● DATA RECORDS:
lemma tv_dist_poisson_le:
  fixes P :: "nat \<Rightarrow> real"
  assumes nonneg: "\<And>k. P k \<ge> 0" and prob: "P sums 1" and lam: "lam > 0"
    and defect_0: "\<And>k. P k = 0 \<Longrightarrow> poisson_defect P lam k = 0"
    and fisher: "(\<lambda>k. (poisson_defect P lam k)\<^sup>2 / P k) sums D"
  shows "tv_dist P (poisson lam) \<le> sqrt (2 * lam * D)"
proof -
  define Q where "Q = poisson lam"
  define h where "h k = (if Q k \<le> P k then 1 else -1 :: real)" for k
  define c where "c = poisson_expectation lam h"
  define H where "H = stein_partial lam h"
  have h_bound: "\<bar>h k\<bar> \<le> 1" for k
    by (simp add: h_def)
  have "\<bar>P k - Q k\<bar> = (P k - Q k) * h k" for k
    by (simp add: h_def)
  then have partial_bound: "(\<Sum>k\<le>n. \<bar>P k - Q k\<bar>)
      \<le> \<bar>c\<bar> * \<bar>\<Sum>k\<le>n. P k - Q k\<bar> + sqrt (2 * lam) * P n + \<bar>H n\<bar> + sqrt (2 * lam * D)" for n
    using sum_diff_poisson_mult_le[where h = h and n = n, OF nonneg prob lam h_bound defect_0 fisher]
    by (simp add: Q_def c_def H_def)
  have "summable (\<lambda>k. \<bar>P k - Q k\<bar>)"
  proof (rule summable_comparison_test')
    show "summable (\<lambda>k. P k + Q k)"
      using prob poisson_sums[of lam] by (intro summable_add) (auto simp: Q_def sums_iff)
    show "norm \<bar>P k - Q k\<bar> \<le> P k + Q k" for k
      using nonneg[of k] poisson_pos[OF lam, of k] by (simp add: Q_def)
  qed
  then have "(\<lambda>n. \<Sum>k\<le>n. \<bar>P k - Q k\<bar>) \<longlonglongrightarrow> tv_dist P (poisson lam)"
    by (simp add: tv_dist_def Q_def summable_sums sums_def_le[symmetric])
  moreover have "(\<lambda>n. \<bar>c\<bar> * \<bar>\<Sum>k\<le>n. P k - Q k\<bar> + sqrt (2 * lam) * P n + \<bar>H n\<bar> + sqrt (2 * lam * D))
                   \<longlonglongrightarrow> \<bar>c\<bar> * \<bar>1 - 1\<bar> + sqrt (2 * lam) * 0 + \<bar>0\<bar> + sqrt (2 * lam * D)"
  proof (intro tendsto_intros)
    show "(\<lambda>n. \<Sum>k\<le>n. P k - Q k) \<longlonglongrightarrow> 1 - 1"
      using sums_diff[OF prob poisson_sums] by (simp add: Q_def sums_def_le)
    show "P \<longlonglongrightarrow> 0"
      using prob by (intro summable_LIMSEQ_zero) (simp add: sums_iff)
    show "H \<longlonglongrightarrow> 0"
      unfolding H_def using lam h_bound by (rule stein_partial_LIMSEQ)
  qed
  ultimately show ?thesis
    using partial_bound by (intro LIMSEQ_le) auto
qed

* * *

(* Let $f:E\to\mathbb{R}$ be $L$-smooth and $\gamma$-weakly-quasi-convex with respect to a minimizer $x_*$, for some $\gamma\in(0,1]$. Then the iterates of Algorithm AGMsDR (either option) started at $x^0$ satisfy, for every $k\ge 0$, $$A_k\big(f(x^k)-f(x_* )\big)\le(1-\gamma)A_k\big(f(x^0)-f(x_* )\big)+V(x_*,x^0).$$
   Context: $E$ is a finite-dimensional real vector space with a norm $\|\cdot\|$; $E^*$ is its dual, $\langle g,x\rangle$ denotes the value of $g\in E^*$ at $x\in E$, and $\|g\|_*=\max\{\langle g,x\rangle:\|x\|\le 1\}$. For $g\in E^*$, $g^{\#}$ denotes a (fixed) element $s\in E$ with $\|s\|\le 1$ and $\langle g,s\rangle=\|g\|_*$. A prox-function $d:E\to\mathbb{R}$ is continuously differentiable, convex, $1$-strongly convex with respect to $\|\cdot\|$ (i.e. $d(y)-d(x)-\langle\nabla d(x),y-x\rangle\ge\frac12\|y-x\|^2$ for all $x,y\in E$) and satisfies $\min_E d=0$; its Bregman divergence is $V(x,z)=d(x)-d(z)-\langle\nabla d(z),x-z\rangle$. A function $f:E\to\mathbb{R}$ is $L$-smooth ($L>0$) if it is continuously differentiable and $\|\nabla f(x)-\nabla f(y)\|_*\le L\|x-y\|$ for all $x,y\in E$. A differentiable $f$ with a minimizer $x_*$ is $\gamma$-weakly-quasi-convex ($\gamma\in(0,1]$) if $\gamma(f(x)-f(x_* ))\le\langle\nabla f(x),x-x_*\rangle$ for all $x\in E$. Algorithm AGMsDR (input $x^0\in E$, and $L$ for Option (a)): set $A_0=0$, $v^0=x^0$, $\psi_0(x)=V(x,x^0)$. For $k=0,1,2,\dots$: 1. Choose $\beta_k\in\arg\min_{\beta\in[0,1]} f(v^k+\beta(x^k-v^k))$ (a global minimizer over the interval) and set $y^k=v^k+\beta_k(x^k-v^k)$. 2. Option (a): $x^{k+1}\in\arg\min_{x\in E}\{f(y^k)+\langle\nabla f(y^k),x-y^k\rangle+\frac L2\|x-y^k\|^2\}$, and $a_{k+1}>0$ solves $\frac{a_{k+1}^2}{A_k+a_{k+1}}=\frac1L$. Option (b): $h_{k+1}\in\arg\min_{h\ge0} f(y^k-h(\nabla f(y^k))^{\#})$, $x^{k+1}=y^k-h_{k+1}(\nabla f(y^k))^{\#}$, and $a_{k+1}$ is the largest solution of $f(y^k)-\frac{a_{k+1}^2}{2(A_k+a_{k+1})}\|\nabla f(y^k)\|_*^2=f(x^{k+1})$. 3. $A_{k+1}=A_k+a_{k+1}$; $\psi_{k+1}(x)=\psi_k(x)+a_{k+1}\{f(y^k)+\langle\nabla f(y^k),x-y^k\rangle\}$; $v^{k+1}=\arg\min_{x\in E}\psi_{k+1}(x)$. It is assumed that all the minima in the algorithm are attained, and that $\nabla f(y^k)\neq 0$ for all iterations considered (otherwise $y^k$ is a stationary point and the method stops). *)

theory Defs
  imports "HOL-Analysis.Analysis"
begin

* * *

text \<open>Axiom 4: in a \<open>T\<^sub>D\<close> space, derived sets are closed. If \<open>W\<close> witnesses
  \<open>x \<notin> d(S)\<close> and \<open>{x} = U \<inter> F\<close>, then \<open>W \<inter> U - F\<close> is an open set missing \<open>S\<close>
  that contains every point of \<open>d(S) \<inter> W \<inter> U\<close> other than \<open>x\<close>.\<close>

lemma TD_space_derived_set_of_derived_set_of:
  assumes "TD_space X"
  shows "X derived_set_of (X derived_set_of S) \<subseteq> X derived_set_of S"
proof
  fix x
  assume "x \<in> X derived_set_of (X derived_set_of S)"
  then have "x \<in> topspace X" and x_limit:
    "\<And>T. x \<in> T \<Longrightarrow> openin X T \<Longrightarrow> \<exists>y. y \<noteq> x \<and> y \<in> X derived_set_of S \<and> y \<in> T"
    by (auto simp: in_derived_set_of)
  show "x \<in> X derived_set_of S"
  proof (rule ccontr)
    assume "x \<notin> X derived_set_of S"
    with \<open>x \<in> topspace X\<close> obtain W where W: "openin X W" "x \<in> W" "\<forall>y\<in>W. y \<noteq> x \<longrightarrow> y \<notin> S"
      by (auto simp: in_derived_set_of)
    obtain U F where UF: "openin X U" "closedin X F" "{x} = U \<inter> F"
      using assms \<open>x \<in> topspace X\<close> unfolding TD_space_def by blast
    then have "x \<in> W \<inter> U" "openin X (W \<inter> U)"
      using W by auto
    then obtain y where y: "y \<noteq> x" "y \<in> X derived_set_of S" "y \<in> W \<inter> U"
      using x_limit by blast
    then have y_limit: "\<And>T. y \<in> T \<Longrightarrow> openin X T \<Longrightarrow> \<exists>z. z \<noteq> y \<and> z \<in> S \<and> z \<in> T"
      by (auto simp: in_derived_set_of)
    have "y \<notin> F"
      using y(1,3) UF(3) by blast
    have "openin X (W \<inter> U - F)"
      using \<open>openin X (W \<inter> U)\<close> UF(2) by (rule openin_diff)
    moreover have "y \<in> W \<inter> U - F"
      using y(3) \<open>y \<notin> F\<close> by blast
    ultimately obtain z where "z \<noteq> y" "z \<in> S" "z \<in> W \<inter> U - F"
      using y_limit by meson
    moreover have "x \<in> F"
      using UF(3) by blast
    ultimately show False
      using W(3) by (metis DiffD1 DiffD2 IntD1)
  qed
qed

● WORK INSTRUCTIONS:
The answer must consist of each line from the entries that contains the string "assumes".

● RESULT OF THIS EXERCISE:
  assumes nonneg: "\<And>k. P k \<ge> 0" and prob: "P sums 1" and lam: "lam > 0"
  assumes "TD_space X"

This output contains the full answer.